# YOUR GOAL
In the entries that follow, find the line containing "(simp add: cube_def)"; from there, copy every line exactly through the line containing "(\<Sum>x|P x. of_bool".

# PROVIDED DATA
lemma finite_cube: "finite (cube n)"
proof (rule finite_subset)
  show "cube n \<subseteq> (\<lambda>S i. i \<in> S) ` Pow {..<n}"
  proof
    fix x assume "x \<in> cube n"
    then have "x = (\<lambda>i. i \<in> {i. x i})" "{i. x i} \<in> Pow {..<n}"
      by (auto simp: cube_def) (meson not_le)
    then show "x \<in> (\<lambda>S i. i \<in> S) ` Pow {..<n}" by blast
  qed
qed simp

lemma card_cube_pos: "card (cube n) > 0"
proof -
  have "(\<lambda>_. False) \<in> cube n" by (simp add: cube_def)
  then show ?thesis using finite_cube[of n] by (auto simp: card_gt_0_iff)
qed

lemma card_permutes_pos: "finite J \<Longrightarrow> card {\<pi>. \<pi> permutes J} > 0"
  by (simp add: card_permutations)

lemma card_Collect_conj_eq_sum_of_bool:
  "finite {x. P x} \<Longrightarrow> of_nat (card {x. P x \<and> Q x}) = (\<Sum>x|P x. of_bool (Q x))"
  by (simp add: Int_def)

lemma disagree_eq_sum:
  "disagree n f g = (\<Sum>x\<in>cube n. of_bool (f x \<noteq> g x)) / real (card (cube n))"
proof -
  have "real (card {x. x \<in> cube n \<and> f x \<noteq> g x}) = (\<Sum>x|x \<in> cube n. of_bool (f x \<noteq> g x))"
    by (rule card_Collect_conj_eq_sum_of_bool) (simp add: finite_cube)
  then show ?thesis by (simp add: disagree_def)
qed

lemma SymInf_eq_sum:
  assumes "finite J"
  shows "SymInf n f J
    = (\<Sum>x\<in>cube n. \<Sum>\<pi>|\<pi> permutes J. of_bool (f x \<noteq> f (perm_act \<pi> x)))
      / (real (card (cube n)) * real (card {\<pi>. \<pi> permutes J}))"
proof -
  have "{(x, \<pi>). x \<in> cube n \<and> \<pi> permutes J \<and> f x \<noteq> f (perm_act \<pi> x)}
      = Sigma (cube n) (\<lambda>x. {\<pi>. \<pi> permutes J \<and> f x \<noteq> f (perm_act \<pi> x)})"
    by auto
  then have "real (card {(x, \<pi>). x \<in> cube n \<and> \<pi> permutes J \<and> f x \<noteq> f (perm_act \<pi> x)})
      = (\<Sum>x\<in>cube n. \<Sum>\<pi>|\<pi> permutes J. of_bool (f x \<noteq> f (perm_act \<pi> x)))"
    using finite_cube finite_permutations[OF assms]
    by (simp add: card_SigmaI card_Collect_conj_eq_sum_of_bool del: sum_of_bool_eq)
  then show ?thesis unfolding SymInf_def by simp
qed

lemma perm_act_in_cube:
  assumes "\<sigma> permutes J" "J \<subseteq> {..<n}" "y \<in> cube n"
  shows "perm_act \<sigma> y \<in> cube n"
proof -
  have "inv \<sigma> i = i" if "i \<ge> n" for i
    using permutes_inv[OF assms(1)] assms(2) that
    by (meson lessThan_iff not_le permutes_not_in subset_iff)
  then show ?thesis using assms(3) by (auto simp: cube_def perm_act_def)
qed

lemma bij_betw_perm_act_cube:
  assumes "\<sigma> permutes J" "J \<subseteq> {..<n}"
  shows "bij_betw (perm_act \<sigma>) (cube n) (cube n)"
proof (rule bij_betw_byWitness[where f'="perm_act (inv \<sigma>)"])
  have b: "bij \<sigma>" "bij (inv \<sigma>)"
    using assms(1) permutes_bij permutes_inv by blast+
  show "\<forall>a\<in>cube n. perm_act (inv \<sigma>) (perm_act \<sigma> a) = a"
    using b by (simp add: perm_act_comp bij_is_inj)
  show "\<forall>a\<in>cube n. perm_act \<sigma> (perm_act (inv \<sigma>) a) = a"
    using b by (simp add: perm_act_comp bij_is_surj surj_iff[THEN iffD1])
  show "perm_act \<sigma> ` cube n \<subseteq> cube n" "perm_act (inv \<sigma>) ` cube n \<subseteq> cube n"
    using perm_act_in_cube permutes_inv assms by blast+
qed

# YOUR RESPONSE
  have "(\<lambda>_. False) \<in> cube n" by (simp add: cube_def)
  then show ?thesis using finite_cube[of n] by (auto simp: card_gt_0_iff)
qed

lemma card_permutes_pos: "finite J \<Longrightarrow> card {\<pi>. \<pi> permutes J} > 0"
  by (simp add: card_permutations)

lemma card_Collect_conj_eq_sum_of_bool:
  "finite {x. P x} \<Longrightarrow> of_nat (card {x. P x \<and> Q x}) = (\<Sum>x|P x. of_bool (Q x))"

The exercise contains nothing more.